Neste caso, é importante notar que o jornalista deixa de lado o aspecto
primordial de sua atividade – informar – e torna-se mais uma peça na
engrenagem de algo maior e que simplesmente engole o jornalismo.
Diferente do início do século XX, quando se articulavam cadeias de rádio
e TV que disputavam espaço e tempo para informar o cidadão, agora, os
grandes grupos são conglomerados de mídia; e jornalismo é mais um
produto no cardápio oferecido, ao lado do entretenimento e do comércio
derivado. O repórter abstrai-se da função de minerador de informações,
de extrator de declarações relevantes que auxiliem o público a
compreender melhor o que se passou; e com isso, o jornalista se esvazia
de uma atuação de relevância, tornando-se irrelevante e descartável. A justiceira
Exemplo 2 – ou quando se está a serviço da justiça: a repórter
transcende seu papel de obter a versão do acusado para se converter em
sua principal algoz, fazendo as vezes de justiceira.
Aqui, a jornalista não apenas se aproveita da condição de seu
entrevistado – algemado, acusado e enquadrado – para reforçar o esquema
de opressão e humilhação. A insistência nas perguntas, a jocosidade das
questões e a satisfação indisfarçada diante da ignorância do
entrevistado são evidentes. Não importa mais extrair uma confissão, mas
sim humilhar, rir e exibir a fragilidade a quem é dirigido o microfone.
Falsamente corajosa, ela se impõe sobre o acusado como se nos mostrasse
como se deve fazer com esse tipo de gente. O urubu
Exemplo 3 – ou quando se perde o limite do sensível: o repórter tenta
extrair à força uma declaração emocionada de alguém em clara
circunstância de fragilidade.
O entrevistado reage à insistência dos jornalistas que o cercam, como
abutres. Ao fundo, socorristas atendem apressadamente uma vítima, mas os
microfones disputam espaço e a atenção de quem tem preocupações muito
maiores que simplesmente tranquilizar os repórteres. Neste caso, os
jornalistas endurecidos em seu ofício ignoram a dor alheia e a real
necessidade de inquirir parentes em situações extremas. Desprezam,
portanto, a natureza humana de suas fontes e ainda demonstram uma
contundente falta de senso de oportunidade. Muda ou permanece?
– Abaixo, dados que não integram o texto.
lemma F_div_X_eq_compose: "F_div_X = Abs_fps (\<lambda>_. 1) oo (fps_X + fps_X ^ 2)"
proof -
  have Y_0: "(fps_X + fps_X ^ 2 :: real fps) $ 0 = 0" by simp
  have "inverse (1 - fps_X) = (Abs_fps (\<lambda>_. 1) :: real fps)"
    by (metis fps_inverse_gp' fps_inverse_idempotent fps_nth_Abs_fps one_neq_zero)
  then have "Abs_fps (\<lambda>_. 1) oo (fps_X + fps_X ^ 2)
      = inverse ((1 - fps_X) oo (fps_X + fps_X ^ 2) :: real fps)"
    by (metis fps_inverse_compose[OF Y_0] fps_sub_nth fps_one_nth fps_X_nth
        diff_zero one_neq_zero)
  also have "(1 - fps_X) oo (fps_X + fps_X ^ 2) = (1 - fps_X - fps_X ^ 2 :: real fps)"
    by (simp add: fps_compose_sub_distrib Y_0)
  finally show ?thesis unfolding F_div_X_def by simp
qed

lemma fps_ones_power_nth:
  "(Abs_fps (\<lambda>_. 1 :: 'a::comm_semiring_1) ^ (k + 1)) $ l = of_nat ((l + k) choose l)"
proof (induction k arbitrary: l)
  case (Suc k)
  have "(Abs_fps (\<lambda>_. 1 :: 'a) ^ (Suc k + 1)) $ l = (\<Sum>a=0..l. of_nat ((a + k) choose a))"
    by (simp only: power_Suc2 add_Suc fps_mult_nth Suc) simp
  also have "\<dots> = of_nat (\<Sum>a\<le>l. (k + a) choose a)"
    by (simp add: atLeast0AtMost add.commute)
  also have "\<dots> = of_nat ((l + Suc k) choose l)"
    by (simp only: sum_choose_lower) (simp add: add.commute)
  finally show ?case .
qed simp

lemma X_plus_X_square_power_nth:
  "((fps_X + fps_X ^ 2 :: 'a::field_char_0 fps) ^ l) $ n
     = (if n < l then 0 else of_nat (l choose (n - l)))"
proof -
  have "(fps_X + fps_X ^ 2 :: 'a fps) ^ l = fps_X ^ l * fps_binomial (of_nat l)"
    by (simp add: fps_binomial_of_nat power2_eq_square algebra_simps flip: power_mult_distrib)
  then show ?thesis
    by (simp add: fps_X_power_mult_nth binomial_gbinomial)
qed

lemma F_div_X_mult_F_power_nth:
  "(F_div_X * F_fps ^ k) $ i
     = (if k \<le> i then (\<Sum>l=0..i-k. real ((l + k) choose l) * real (l choose (i - k - l))) else 0)"
proof -
  have Y_0: "(fps_X + fps_X ^ 2 :: real fps) $ 0 = 0" by simp
  have "F_div_X * F_fps ^ k = fps_X ^ k * (Abs_fps (\<lambda>_. 1) ^ (k + 1) oo (fps_X + fps_X ^ 2))"
    unfolding F_fps_eq fps_compose_power[OF Y_0, symmetric] F_div_X_eq_compose[symmetric]
    by (simp add: power_mult_distrib algebra_simps)
  then show ?thesis
    by (simp only: fps_X_power_mult_nth fps_compose_nth fps_ones_power_nth
        X_plus_X_square_power_nth) (simp add: diff_diff_left)
qed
Os três recentes episódios funcionam mais como contraexemplos e
ilustram facetas infelizmente comuns entre os profissionais do
jornalismo. Insensibilidade, ignorância, covardia, perversidade,
morbidez, inoportunidade, falta de bom senso, incompreensão sobre o
próprio papel são atributos que se mesclam às esperadas coragem e
sensibilidade, aos desejados oportunismo e foco. Note-se que não estamos
apenas tratando aqui de preparo técnico, mas acima de tudo de postura e
ética profissional. Pois sem valores bem amadurecidos, sem princípios
muito nítidos, não se faz jornalismo de qualidade ou com comprometimento
social. Sem a reflexão sobre o lugar que se ocupa na sociedade,
jornalista nenhum consegue preencher de sentidos uma atividade tão
complexa e dinâmica, confusa e plural.
Se a indústria jornalística está se transformando, se as relações com
as audiências são distintas de anos atrás, se a sociedade busca novas
funções para o jornalismo, os jornalistas também precisam modificar seus
modos de operar e ler a realidade. Principalmente os repórteres,
aqueles que enfrentam as ruas, que encaram as fontes, que se dispõem a
sujar as mãos no mar grosso das informações dispersas. Não é a
tecnologia que vai ditar esse conjunto de mudanças, nem os tremores
econômicos ou as tensões políticas. É a dimensão humana que atravessa os
dias desses profissionais que vai sinalizar como mudar. Vamos adiante,
então!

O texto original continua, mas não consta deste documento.